Let $P$ be a finitely-generated $R$-module, where $R$ is a principal ideal domain. The text that I am reading refers to
$$
f:\bigoplus_{p \in P}R \rightarrow P
$$
as the canonical epimorphism of $R$-modules, but I'm not sure what this map is supposed to be exactly. Since $(P, +)$ is an abelian group with identity 0 my first thought was to define
$$
f(p_1, p_2, …) = (p_1 + p_2 + …)0
$$
but this is always equal to 0 and therefore definitely not surjective. My question is if I don't know anything about the $R$-module $P$, then how can I canonically define this mapping so that it is surjective?
Best Answer
In general $P$ can be infinite or even uncountable, so probably the best way to write an element of $\bigoplus_{p\in P}R$ is a map $g\colon P\to R$ which has $g(p)=0$ for all but finitely many $p\in P$. Then $f(g)=\sum_{p\in P} r\cdot p$. (Note: $g$ is not a homomorphism of modules or anything; it's just a set map with the added property that it's almost always zero.)

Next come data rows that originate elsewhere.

lemma witness_iff_deters:
  "witness G c \<pi> \<longleftrightarrow> is_play G \<pi> \<and> \<pi> 0 = init G \<and> cost0 G \<pi> \<le> enat c \<and>
     (\<forall>n v. is_deviation G \<pi> n v \<longrightarrow> (\<exists>\<tau>. deters G c \<pi> n v \<tau>))"
  unfolding witness_def deters_def ..

lemma cost1_minimal_outcome_witness:
  assumes wf: "wf_game G" and sol: "NCNS_solution G c \<sigma>0" and \<pi>: "\<pi> \<in> outcomes G \<sigma>0"
    and min: "\<And>\<rho>. \<rho> \<in> outcomes G \<sigma>0 \<Longrightarrow> cost1 G \<pi> \<le> cost1 G \<rho>"
  shows "witness G c \<pi>"
proof -
  have \<sigma>0: "is_strategy G (own0 G) \<sigma>0"
    and safe: "\<And>\<rho>. \<rho> \<in> outcomes G \<sigma>0 \<Longrightarrow> (\<forall>\<rho>'\<in>outcomes G \<sigma>0. cost1 G \<rho> \<le> cost1 G \<rho>')
      \<Longrightarrow> cost0 G \<rho> \<le> enat c"
    using sol by (auto simp: NCNS_solution_iff)
  have play: "is_play G \<pi>" and init: "\<pi> 0 = init G" and cons: "consistent (own0 G) \<sigma>0 \<pi>"
    using \<pi> outcomes_iff[OF wf \<sigma>0] by auto
  have "deters G c \<pi> n v (resume G \<sigma>0 (pref \<pi> n))" if dev: "is_deviation G \<pi> n v" for n v
    unfolding deters_def
  proof (intro conjI allI impI)
    show "is_strategy G (own0 G) (resume G \<sigma>0 (pref \<pi> n))"
      using wf \<sigma>0 by (rule resume_strategy)
    fix \<pi>' assume \<pi>': "is_play G \<pi>' \<and> \<pi>' 0 = v \<and> consistent (own0 G) (resume G \<sigma>0 (pref \<pi> n)) \<pi>'"
    let ?\<rho> = "conc (pref \<pi> n) \<pi>'"
    have "((pref \<pi> n @ [v]) ! n, (pref \<pi> n @ [v]) ! Suc n) \<in> edges G"
      using dev unfolding is_deviation_def is_path_def by (metis length_append_singleton length_pref lessI)
    then have "(\<pi> n, \<pi>' 0) \<in> edges G" using \<pi>' by (simp add: nth_append)
    then have \<rho>_play: "is_play G ?\<rho>" using play \<pi>' by (auto intro: conc_play)
    moreover have "\<pi> n \<notin> own0 G" using dev wf unfolding is_deviation_def wf_game_def by auto
    ultimately have "?\<rho> \<in> outcomes G \<sigma>0"
      using outcomes_iff[OF wf \<sigma>0] init cons \<pi>' consistent_conc_resume by fastforce
    then show "cost0 G ?\<rho> \<le> enat c \<or> cost1 G ?\<rho> > cost1 G \<pi>"
      using safe min by (meson not_less order_trans)
  qed
  then show ?thesis
    unfolding witness_iff_deters using play init safe[OF \<pi>] min by blast
qed

definition deterrent :: "'v game \<Rightarrow> nat \<Rightarrow> (nat \<Rightarrow> 'v) \<Rightarrow> nat \<Rightarrow> 'v \<Rightarrow> 'v list \<Rightarrow> 'v" where
  "deterrent G c \<pi> n v = (SOME \<tau>. deters G c \<pi> n v \<tau>)"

For example, suppose $P=\Bbb Z/3$. Then we can write the domain of $f$ as $R_0\oplus R_1\oplus R_2\oplus R_3$, and have $f(r_1,r_2,r_3,r_4)=r_1+2r_2+3r_3$.
In general, $f$ is certainly an epimorphism: given $p\in P$, let $g\colon P\to R$ be the map taking $p$ to $1$ and every other element to $0$. Then $f(g)=p$.

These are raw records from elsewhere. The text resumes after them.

(* Consider the entry game with $\mathcal{W}=\{1,2\}$, $\mathcal{X}=\{0,1\}$, $\mathcal{C}(w)=\mathcal{X}$ for all $w$, and $F(m,w,x)=-x(-3m^x\{1\}+w)$. For $q\in[0,1]$ let $\lambda_q=q\delta_2+(1-q)\delta_1$. Then for each $q\in[0,1]$, $\mathcal{M}(\lambda_q)=\{m_q\}$, where $m_q\in\mathcal{P}(\mathcal{W}\times\mathcal{X})$ is given by: if $q\le1/3$, $m_q\{(1,0)\}=2/3$, $m_q\{(1,1)\}=1/3-q$, $m_q\{(2,0)\}=0$, $m_q\{(2,1)\}=q$; if $1/3<q<2/3$, $m_q\{(1,0)\}=1-q$, $m_q\{(1,1)\}=0$, $m_q\{(2,0)\}=0$, $m_q\{(2,1)\}=q$; if $q\ge2/3$, $m_q\{(1,0)\}=1-q$, $m_q\{(1,1)\}=0$, $m_q\{(2,0)\}=q-2/3$, $m_q\{(2,1)\}=2/3$.
   Context: $m^x$ denotes the second marginal of $m\in\mathcal{P}(\mathcal{W}\times\mathcal{X})$. For $\lambda\in\mathcal{P}(\mathcal{W})$, $\mathcal{M}(\lambda)$ (Cournot-Nash equilibria) is the set of $m\in\mathcal{P}(\mathcal{W}\times\mathcal{X})$ with first marginal $\lambda$ such that for $m$-a.e. $(w,x)$, $x\in\mathcal{C}(w)$ and $F(m,w,x)=\min_{y\in\mathcal{C}(w)}F(m,w,y)$. *)

theory Defs
  imports "HOL-Probability.Probability_Mass_Function"
begin

text \<open>Entry game: type space W = {1,2}, action space X = {0,1}, both embedded in nat.
  Probability measures on W x X are represented as pmfs on nat x nat supported in W x X.\<close>

definition W :: "nat set" where "W = {1, 2}"
definition X :: "nat set" where "X = {0, 1}"

definition C :: "nat \<Rightarrow> nat set" where "C w = X"

definition marg_x :: "(nat \<times> nat) pmf \<Rightarrow> nat pmf" where
  "marg_x m = map_pmf snd m"

definition F :: "(nat \<times> nat) pmf \<Rightarrow> nat \<Rightarrow> nat \<Rightarrow> real" where
  "F m w x = - real x * (- 3 * measure_pmf.prob (marg_x m) {1} + real w)"

definition CN :: "nat pmf \<Rightarrow> (nat \<times> nat) pmf set" where
  "CN lam = {m. set_pmf m \<subseteq> W \<times> X \<and> map_pmf fst m = lam \<and>
     (AE p in measure_pmf m. snd p \<in> C (fst p) \<and>
        F m (fst p) (snd p) = Min (F m (fst p) ` C (fst p)))}"

definition lam :: "real \<Rightarrow> nat pmf" where
  "lam q = map_pmf (\<lambda>b. if b then 2 else 1) (bernoulli_pmf q)"

definition mq :: "real \<Rightarrow> nat \<Rightarrow> nat \<Rightarrow> real" where
  "mq q w x =
    (if q \<le> 1/3 then
       (if (w, x) = (1, 0) then 2/3 else if (w, x) = (1, 1) then 1/3 - q
        else if (w, x) = (2, 0) then 0 else if (w, x) = (2, 1) then q else 0)
     else if q < 2/3 then
       (if (w, x) = (1, 0) then 1 - q else if (w, x) = (1, 1) then 0
        else if (w, x) = (2, 0) then 0 else if (w, x) = (2, 1) then q else 0)
     else
       (if (w, x) = (1, 0) then 1 - q else if (w, x) = (1, 1) then 0
        else if (w, x) = (2, 0) then q - 2/3 else if (w, x) = (2, 1) then 2/3 else 0))"

end

theory Submission imports Defs begin

text \<open>Only the total entry mass \<open>p = m{(1,1)} + m{(2,1)}\<close> enters the cost: staying out
  costs 0 and entering costs \<open>3p - w\<close>, so type \<open>w\<close> may enter only if \<open>3p \<le> w\<close> and may stay
  out only if \<open>3p \<ge> w\<close>. If \<open>3p < 1\<close> everybody enters, so \<open>p = 1\<close>; if \<open>3p > 2\<close> nobody
  does, so \<open>p = 0\<close>; if \<open>1 < 3p < 2\<close> exactly type 2 enters, so \<open>p = q\<close>. Hence \<open>3p\<close> is 1,
  \<open>3q\<close> or 2 according as \<open>q \<le> 1/3\<close>, \<open>1/3 < q < 2/3\<close> or \<open>q \<ge> 2/3\<close>, and the marginal
  constraints then fix all four weights.\<close>

lemma W_times_X: "W \<times> X = {(1,0), (1,1), (2,0), (2,1)}"
  unfolding W_def X_def by auto

lemma pmf_exists_finite_support:
  fixes f :: "'a \<Rightarrow> real"
  assumes "finite S" and "\<And>x. 0 \<le> f x" and "\<And>x. x \<notin> S \<Longrightarrow> f x = 0" and "sum f S = 1"
  shows "\<exists>p. \<forall>x. pmf p x = f x"
proof -
  have "(\<integral>\<^sup>+x. ennreal (f x) \<partial>count_space UNIV) = (\<Sum>x\<in>S. ennreal (f x))"
    using assms(1) by (rule nn_integral_count_space') (simp_all add: assms(3))
  also have "\<dots> = 1"
    using assms(2,4) by simp
  finally have "pmf (embed_pmf f) x = f x" for x
    by (rule pmf_embed_pmf[OF assms(2)])
  then show ?thesis
    by blast
qed

lemma measure_pmf_eq_sum_pmf:
  assumes "finite B" and "B \<subseteq> A" and "A \<inter> set_pmf m \<subseteq> B"
  shows "measure_pmf.prob m A = sum (pmf m) B"
proof -
  have "A \<inter> set_pmf m = B \<inter> set_pmf m"
    using assms by auto
  then have "measure_pmf.prob m A = measure_pmf.prob m B"
    by (metis measure_Int_set_pmf)
  then show ?thesis
    using assms(1) by (simp add: measure_measure_pmf_finite)
qed

lemma pmf_map_fst:
  assumes "set_pmf m \<subseteq> W \<times> X"
  shows "pmf (map_pmf fst m) w = pmf m (w, 0) + pmf m (w, 1)"
proof -
  have "pmf (map_pmf fst m) w = measure_pmf.prob m (fst -` {w})"
    by (rule pmf_map)
  also have "\<dots> = sum (pmf m) {(w, 0), (w, 1)}"
    using assms by (intro measure_pmf_eq_sum_pmf) (auto simp: X_def)
  finally show ?thesis
    by simp
qed

lemma prob_marg_x_entry:
  assumes "set_pmf m \<subseteq> W \<times> X"
  shows "measure_pmf.prob (marg_x m) {1} = pmf m (1, 1) + pmf m (2, 1)"
proof -
  have "measure_pmf.prob (marg_x m) {1} = measure_pmf.prob m (snd -` {1})"
    by (simp add: marg_x_def)
  also have "\<dots> = sum (pmf m) {(1, 1), (2, 1)}"
    using assms by (intro measure_pmf_eq_sum_pmf) (auto simp: W_def)
  finally show ?thesis
    by simp
qed

lemma pmf_lam:
  assumes "0 \<le> q" and "q \<le> 1"
  shows "pmf (lam q) w = (if w = 1 then 1 - q else if w = 2 then q else 0)"
proof -
  have "(\<lambda>b::bool. if b then 2 else (1::nat)) -` {w} =
      (if w = 1 then {False} else if w = 2 then {True} else {})"
    by (auto split: if_splits)
  then show ?thesis
    using assms by (simp add: lam_def pmf_map measure_pmf_single)
qed

lemma map_fst_eq_lam_iff:
  assumes "set_pmf m \<subseteq> W \<times> X" and "0 \<le> q" and "q \<le> 1"
  shows "map_pmf fst m = lam q \<longleftrightarrow>
    pmf m (1, 0) + pmf m (1, 1) = 1 - q \<and> pmf m (2, 0) + pmf m (2, 1) = q"
proof -
  have outside: "pmf m (w, x) = 0" if "w \<noteq> 1" "w \<noteq> 2" for w x
    using that assms(1) by (auto simp: W_def set_pmf_iff)
  have "map_pmf fst m = lam q \<longleftrightarrow>
      (\<forall>w. pmf m (w, 0) + pmf m (w, 1) = (if w = 1 then 1 - q else if w = 2 then q else 0))"
    unfolding pmf_eq_iff pmf_map_fst[OF assms(1)] pmf_lam[OF assms(2,3)] ..
  also have "\<dots> \<longleftrightarrow> pmf m (1, 0) + pmf m (1, 1) = 1 - q \<and> pmf m (2, 0) + pmf m (2, 1) = q"
  proof
    assume "\<forall>w. pmf m (w, 0) + pmf m (w, 1) = (if w = 1 then 1 - q else if w = 2 then q else 0)"
    from this[rule_format, of 1] this[rule_format, of 2]
    show "pmf m (1, 0) + pmf m (1, 1) = 1 - q \<and> pmf m (2, 0) + pmf m (2, 1) = q"
      by simp
  qed (simp add: outside)
  finally show ?thesis .
qed

lemma F_eq_Min_iff:
  assumes "x \<in> X"
  shows "F m w x = Min (F m w ` C w) \<longleftrightarrow>
    (x = 0 \<longrightarrow> real w \<le> 3 * measure_pmf.prob (marg_x m) {1}) \<and>
    (x = 1 \<longrightarrow> 3 * measure_pmf.prob (marg_x m) {1} \<le> real w)"
proof -
  have "F m w ` C w = {0, 3 * measure_pmf.prob (marg_x m) {1} - real w}"
    by (auto simp: C_def X_def F_def)
  then show ?thesis
    using assms by (auto simp: X_def F_def min_def)
qed

definition entry_equilibrium :: "real \<Rightarrow> real \<Rightarrow> real \<Rightarrow> real \<Rightarrow> real \<Rightarrow> bool" where
  "entry_equilibrium q a b c d \<longleftrightarrow>
    0 \<le> a \<and> 0 \<le> b \<and> 0 \<le> c \<and> 0 \<le> d \<and> a + b = 1 - q \<and> c + d = q \<and>
    (0 < a \<longrightarrow> 1 \<le> 3 * (b + d)) \<and> (0 < b \<longrightarrow> 3 * (b + d) \<le> 1) \<and>
    (0 < c \<longrightarrow> 2 \<le> 3 * (b + d)) \<and> (0 < d \<longrightarrow> 3 * (b + d) \<le> 2)"

lemma AE_best_response_iff:
  assumes "set_pmf m \<subseteq> W \<times> X"
  defines "p \<equiv> pmf m (1, 1) + pmf m (2, 1)"
  shows "(AE y in measure_pmf m. snd y \<in> C (fst y) \<and>
      F m (fst y) (snd y) = Min (F m (fst y) ` C (fst y))) \<longleftrightarrow>
    (0 < pmf m (1, 0) \<longrightarrow> 1 \<le> 3 * p) \<and> (0 < pmf m (1, 1) \<longrightarrow> 3 * p \<le> 1) \<and>
    (0 < pmf m (2, 0) \<longrightarrow> 2 \<le> 3 * p) \<and> (0 < pmf m (2, 1) \<longrightarrow> 3 * p \<le> 2)"
proof -
  have support: "set_pmf m = {y \<in> W \<times> X. 0 < pmf m y}"
    using assms(1) by (auto simp: set_pmf_iff order_less_le)
  have best_response: "(snd y \<in> C (fst y) \<and> F m (fst y) (snd y) = Min (F m (fst y) ` C (fst y)))
      \<longleftrightarrow> (snd y = 0 \<longrightarrow> real (fst y) \<le> 3 * p) \<and> (snd y = 1 \<longrightarrow> 3 * p \<le> real (fst y))"
    if "y \<in> W \<times> X" for y
    using that F_eq_Min_iff[of "snd y" m "fst y"] prob_marg_x_entry[OF assms(1)]
    by (auto simp: C_def p_def)
  have "(AE y in measure_pmf m. snd y \<in> C (fst y) \<and>
      F m (fst y) (snd y) = Min (F m (fst y) ` C (fst y))) \<longleftrightarrow>
    (\<forall>(w, x)\<in>W \<times> X. 0 < pmf m (w, x) \<longrightarrow>
      (x = 0 \<longrightarrow> real w \<le> 3 * p) \<and> (x = 1 \<longrightarrow> 3 * p \<le> real w))"
    unfolding AE_measure_pmf_iff support using best_response by auto
  then show ?thesis
    by (simp add: W_times_X)
qed

lemma CN_lam_iff:
  assumes "0 \<le> q" and "q \<le> 1"
  shows "m \<in> CN (lam q) \<longleftrightarrow> set_pmf m \<subseteq> W \<times> X \<and>
    entry_equilibrium q (pmf m (1, 0)) (pmf m (1, 1)) (pmf m (2, 0)) (pmf m (2, 1))"
  unfolding CN_def entry_equilibrium_def
  using map_fst_eq_lam_iff[OF _ assms] AE_best_response_iff by auto

lemma entry_equilibrium_unique:
  assumes "entry_equilibrium q a b c d"
  shows "a = mq q 1 0 \<and> b = mq q 1 1 \<and> c = mq q 2 0 \<and> d = mq q 2 1"
  using assms unfolding entry_equilibrium_def mq_def
  by (cases "0 < a"; cases "0 < b"; cases "0 < c"; cases "0 < d"; simp; linarith)

lemma entry_equilibrium_mq:
  assumes "0 \<le> q" and "q \<le> 1"
  shows "entry_equilibrium q (mq q 1 0) (mq q 1 1) (mq q 2 0) (mq q 2 1)"
  using assms unfolding entry_equilibrium_def mq_def by auto

lemma mq_nonneg: "0 \<le> q \<Longrightarrow> q \<le> 1 \<Longrightarrow> 0 \<le> mq q w x"
  by (simp add: mq_def)

lemma mq_outside: "(w, x) \<notin> W \<times> X \<Longrightarrow> mq q w x = 0"
  by (auto simp: mq_def W_times_X)

lemma pmf_mq_exists:
  assumes "0 \<le> q" and "q \<le> 1"
  shows "\<exists>m. \<forall>w x. pmf m (w, x) = mq q w x"
proof -
  have "\<exists>m. \<forall>y. pmf m y = case_prod (mq q) y"
  proof (rule pmf_exists_finite_support)
    show "finite (W \<times> X)"
      by (simp add: W_times_X)
    show "0 \<le> case_prod (mq q) y" for y
      using mq_nonneg[OF assms] by (simp split: prod.split)
    show "case_prod (mq q) y = 0" if "y \<notin> W \<times> X" for y
      using that mq_outside by (cases y) simp
    show "sum (case_prod (mq q)) (W \<times> X) = 1"
      using entry_equilibrium_mq[OF assms] by (simp add: W_times_X entry_equilibrium_def)
  qed
  then show ?thesis
    by auto
qed

lemma pmf_CN_lam:
  assumes "0 \<le> q" and "q \<le> 1" and "m \<in> CN (lam q)"
  shows "pmf m (w, x) = mq q w x"
proof -
  have support: "set_pmf m \<subseteq> W \<times> X" and
    "entry_equilibrium q (pmf m (1, 0)) (pmf m (1, 1)) (pmf m (2, 0)) (pmf m (2, 1))"
    using assms(3) unfolding CN_lam_iff[OF assms(1,2)] by blast+
  from entry_equilibrium_unique[OF this(2)] show ?thesis
  proof (cases "(w, x) \<in> W \<times> X")
    case False
    then show ?thesis
      using support mq_outside by (metis set_pmf_iff subsetD)
  qed (auto simp: W_times_X)
qed

theorem proposition3p13:
  fixes q :: real
  assumes "0 \<le> q" and "q \<le> 1"
  shows "\<exists>m. (\<forall>w x. pmf m (w, x) = mq q w x) \<and> CN (lam q) = {m}"
proof -
  obtain m where m: "pmf m (w, x) = mq q w x" for w x
    using pmf_mq_exists[OF assms] by blast
  have "set_pmf m \<subseteq> W \<times> X"
    using m mq_outside by (metis set_pmf_iff subsetI surj_pair)
  then have "m \<in> CN (lam q)"
    unfolding CN_lam_iff[OF assms] m using entry_equilibrium_mq[OF assms] by blast
  moreover have "m' = m" if "m' \<in> CN (lam q)" for m'
    using pmf_CN_lam[OF assms that] m by (intro pmf_eqI) (metis surj_pair)
  ultimately show ?thesis
    using m by blast
qed

end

More commonly, you will see people start with a set of generators for $P$ like $p_1,\ldots,p_n$, in which case we have a surjective map $R^n\to P$ given by $(r_1,\ldots, r_n)\mapsto r_1p_1+\cdots+r_n p_n$. The only issue is that this depends on a choice of generators for $P$, hence why the author refers to $f$ here as the canonical epimorphism.